_Work to complete_
An exact copy of the lines from the one containing "by (rule has_vector_derivative_zero_if_constant_on)" through the end of the material is all that is wanted; transcribe only those.
[[ Records for this task open ]]
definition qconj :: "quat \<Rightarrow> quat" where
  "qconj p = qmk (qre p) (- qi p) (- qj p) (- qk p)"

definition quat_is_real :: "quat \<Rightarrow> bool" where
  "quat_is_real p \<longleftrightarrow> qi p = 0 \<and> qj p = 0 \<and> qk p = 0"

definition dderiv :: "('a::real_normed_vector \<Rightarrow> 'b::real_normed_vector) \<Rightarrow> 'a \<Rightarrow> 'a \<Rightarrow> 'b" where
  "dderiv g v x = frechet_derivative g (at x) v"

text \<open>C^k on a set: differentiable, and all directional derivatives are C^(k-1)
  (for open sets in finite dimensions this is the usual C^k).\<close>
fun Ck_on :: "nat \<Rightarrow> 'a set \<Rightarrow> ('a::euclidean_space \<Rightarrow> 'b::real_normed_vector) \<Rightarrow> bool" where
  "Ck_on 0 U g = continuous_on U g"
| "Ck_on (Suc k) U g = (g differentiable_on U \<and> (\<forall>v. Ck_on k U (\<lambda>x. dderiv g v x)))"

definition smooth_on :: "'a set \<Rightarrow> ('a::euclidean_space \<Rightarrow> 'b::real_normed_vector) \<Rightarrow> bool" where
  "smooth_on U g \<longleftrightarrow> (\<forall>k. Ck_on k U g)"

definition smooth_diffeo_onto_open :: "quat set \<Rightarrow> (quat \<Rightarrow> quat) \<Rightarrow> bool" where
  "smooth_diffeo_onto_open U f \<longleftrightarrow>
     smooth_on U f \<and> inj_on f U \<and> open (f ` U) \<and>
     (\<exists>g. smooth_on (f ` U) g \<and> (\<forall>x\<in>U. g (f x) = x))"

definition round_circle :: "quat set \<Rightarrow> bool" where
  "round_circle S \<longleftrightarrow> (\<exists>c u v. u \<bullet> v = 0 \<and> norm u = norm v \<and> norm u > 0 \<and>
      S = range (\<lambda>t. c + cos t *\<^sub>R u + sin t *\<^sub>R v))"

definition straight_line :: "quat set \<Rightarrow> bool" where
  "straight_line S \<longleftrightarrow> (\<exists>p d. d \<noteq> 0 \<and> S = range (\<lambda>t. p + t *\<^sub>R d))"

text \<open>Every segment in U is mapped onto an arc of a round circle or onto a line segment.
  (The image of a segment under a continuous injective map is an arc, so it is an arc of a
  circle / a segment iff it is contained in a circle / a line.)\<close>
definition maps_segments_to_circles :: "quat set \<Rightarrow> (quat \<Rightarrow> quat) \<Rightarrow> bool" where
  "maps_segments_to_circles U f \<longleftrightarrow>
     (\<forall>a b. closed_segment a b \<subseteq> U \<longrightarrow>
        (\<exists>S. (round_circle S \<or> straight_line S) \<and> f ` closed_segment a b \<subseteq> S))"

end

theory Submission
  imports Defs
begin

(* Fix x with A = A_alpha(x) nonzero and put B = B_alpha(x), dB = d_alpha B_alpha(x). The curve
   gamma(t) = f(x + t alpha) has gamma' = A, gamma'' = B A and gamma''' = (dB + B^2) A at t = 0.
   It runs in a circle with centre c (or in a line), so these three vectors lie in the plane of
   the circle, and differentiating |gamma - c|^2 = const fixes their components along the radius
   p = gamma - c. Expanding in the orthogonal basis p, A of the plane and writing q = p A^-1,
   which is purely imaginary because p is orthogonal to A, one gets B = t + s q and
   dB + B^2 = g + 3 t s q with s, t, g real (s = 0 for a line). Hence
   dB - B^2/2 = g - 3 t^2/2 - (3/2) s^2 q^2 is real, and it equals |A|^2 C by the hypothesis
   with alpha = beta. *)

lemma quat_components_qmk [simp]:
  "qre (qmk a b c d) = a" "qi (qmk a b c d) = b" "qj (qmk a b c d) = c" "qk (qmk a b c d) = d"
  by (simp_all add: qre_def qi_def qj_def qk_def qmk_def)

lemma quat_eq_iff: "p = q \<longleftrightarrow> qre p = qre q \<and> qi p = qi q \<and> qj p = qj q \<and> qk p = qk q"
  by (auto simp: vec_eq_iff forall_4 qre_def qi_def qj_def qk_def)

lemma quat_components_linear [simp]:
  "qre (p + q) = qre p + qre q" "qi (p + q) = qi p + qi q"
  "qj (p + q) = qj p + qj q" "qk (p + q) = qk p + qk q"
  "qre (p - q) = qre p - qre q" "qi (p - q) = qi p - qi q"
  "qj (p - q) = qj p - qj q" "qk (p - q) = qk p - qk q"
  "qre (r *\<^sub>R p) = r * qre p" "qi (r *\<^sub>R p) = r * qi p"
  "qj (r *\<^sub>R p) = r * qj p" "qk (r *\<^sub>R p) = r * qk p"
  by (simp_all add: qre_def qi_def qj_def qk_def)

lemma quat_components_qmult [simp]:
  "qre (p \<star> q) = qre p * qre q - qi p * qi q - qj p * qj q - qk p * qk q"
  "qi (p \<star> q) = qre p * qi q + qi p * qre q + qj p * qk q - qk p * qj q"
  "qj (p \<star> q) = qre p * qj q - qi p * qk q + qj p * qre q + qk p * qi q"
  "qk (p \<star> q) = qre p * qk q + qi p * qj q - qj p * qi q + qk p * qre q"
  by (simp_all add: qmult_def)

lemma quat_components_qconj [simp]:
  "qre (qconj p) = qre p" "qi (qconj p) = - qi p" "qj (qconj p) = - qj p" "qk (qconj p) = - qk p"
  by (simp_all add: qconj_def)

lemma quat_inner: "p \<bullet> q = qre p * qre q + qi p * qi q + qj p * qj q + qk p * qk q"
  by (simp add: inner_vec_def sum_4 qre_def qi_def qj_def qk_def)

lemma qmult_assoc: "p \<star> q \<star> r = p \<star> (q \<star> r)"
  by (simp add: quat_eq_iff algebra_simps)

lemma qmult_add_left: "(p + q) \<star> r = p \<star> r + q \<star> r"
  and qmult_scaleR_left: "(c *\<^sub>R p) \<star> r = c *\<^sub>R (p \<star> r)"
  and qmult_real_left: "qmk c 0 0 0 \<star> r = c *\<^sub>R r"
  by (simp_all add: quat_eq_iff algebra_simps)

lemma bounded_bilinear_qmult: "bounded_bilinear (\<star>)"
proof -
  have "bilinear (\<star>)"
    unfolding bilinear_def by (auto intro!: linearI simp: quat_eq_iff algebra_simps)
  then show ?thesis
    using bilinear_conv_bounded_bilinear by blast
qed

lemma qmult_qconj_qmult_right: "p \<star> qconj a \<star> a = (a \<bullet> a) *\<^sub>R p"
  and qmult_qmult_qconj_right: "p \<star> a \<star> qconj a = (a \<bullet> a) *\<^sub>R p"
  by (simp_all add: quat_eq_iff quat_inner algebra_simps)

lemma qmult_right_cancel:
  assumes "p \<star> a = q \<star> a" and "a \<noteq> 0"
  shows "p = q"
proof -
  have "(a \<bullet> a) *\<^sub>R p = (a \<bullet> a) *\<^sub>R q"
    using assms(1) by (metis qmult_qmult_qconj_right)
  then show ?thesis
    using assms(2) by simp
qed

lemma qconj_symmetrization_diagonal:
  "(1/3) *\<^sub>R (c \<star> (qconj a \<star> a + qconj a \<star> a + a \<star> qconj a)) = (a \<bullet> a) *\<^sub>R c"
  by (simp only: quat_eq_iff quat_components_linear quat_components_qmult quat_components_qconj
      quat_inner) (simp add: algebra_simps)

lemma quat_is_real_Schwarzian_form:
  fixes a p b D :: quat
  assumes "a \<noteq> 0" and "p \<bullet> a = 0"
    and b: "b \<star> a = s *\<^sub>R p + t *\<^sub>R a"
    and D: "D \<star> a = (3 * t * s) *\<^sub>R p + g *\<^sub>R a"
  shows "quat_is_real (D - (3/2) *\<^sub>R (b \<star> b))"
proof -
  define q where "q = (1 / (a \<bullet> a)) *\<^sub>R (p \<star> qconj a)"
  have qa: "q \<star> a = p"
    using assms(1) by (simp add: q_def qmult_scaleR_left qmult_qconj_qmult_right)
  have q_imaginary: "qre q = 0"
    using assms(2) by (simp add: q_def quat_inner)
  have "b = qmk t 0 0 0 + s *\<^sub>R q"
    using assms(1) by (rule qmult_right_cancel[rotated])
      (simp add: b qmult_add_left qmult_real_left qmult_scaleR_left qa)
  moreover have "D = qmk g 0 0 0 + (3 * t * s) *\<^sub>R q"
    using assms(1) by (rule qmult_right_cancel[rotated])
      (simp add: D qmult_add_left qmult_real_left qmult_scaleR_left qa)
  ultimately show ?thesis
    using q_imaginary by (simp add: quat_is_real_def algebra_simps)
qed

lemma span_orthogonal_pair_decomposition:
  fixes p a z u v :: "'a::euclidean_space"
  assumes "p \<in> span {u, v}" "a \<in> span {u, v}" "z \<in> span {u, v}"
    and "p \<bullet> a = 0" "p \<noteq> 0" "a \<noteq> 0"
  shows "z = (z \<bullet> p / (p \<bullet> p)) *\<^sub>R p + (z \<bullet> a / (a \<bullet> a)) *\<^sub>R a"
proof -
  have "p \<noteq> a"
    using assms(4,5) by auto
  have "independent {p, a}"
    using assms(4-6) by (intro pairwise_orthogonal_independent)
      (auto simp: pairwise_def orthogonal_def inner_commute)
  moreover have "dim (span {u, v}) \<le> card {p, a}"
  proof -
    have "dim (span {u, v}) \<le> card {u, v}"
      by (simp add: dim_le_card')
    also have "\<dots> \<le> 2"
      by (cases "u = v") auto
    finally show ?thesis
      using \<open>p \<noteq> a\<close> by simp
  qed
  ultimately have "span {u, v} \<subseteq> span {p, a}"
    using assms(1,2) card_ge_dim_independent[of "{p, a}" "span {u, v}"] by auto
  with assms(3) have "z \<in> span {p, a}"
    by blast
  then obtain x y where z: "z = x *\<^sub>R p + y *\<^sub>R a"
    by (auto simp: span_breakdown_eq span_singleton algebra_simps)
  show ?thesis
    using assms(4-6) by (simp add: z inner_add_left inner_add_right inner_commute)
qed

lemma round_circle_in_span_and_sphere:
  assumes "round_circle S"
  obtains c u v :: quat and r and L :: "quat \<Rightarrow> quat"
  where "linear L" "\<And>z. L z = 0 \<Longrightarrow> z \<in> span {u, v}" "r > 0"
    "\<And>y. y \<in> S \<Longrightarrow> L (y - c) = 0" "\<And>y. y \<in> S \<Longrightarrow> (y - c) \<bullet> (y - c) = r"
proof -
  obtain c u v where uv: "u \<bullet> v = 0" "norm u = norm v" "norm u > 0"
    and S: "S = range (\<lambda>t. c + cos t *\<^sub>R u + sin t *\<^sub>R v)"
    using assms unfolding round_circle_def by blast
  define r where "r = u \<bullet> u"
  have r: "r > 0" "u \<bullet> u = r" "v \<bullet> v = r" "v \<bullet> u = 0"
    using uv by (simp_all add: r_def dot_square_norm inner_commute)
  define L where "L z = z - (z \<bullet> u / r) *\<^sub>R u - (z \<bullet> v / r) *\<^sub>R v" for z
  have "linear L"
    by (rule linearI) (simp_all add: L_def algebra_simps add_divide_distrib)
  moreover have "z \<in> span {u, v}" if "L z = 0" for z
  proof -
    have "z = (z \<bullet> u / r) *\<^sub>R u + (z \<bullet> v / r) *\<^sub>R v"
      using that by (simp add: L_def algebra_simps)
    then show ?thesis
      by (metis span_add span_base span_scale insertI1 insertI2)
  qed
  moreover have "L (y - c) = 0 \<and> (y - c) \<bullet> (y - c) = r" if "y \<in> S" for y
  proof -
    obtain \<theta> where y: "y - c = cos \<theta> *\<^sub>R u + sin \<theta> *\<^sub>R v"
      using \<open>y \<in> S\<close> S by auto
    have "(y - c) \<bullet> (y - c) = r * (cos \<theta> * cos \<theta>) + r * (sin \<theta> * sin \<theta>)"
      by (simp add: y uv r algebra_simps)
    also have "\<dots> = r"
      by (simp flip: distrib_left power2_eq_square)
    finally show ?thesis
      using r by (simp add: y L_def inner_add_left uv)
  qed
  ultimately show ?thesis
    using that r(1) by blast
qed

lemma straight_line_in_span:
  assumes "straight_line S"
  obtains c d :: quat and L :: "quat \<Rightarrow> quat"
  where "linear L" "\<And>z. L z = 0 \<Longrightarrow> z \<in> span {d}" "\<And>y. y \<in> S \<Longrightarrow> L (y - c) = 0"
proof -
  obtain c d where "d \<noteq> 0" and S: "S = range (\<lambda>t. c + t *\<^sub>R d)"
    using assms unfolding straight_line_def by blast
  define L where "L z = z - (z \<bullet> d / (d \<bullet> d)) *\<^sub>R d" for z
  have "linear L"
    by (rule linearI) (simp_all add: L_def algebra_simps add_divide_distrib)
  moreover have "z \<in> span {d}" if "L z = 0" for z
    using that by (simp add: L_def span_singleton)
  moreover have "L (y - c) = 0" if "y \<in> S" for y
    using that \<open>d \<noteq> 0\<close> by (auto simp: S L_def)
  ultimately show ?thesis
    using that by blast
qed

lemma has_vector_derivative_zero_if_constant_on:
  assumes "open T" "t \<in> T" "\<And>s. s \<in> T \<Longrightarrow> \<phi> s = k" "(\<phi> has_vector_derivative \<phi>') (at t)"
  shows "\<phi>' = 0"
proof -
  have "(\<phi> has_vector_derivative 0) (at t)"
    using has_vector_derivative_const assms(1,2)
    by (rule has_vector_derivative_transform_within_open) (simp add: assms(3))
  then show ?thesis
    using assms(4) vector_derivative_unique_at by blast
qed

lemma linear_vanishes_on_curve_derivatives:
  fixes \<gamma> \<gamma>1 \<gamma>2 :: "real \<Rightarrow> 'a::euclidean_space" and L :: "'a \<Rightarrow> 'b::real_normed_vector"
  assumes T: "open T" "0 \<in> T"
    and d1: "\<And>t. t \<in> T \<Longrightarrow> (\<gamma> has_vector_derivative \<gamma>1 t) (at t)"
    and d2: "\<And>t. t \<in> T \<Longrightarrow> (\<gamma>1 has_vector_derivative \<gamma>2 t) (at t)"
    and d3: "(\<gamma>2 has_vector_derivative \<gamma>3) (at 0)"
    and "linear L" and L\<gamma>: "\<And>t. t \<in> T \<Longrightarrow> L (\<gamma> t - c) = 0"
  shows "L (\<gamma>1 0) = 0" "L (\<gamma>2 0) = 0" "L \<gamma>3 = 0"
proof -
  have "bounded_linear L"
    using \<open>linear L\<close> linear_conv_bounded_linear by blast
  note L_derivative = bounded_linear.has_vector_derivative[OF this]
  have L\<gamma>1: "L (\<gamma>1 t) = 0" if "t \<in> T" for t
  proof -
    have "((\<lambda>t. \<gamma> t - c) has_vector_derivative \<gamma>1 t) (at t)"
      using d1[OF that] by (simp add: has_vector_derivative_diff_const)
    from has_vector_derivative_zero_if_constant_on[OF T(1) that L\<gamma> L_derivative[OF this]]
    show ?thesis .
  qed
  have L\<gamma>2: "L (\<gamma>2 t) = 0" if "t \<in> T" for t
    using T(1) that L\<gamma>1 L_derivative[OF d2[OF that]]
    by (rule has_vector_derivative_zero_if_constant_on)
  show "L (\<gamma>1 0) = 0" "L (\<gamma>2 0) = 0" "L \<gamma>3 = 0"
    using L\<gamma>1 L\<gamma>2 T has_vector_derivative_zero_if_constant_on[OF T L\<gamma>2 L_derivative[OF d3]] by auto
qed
[[ Records for this task closed ]]
_Answer space_
    by (rule has_vector_derivative_zero_if_constant_on)
  show "L (\<gamma>1 0) = 0" "L (\<gamma>2 0) = 0" "L \<gamma>3 = 0"
    using L\<gamma>1 L\<gamma>2 T has_vector_derivative_zero_if_constant_on[OF T L\<gamma>2 L_derivative[OF d3]] by auto
qed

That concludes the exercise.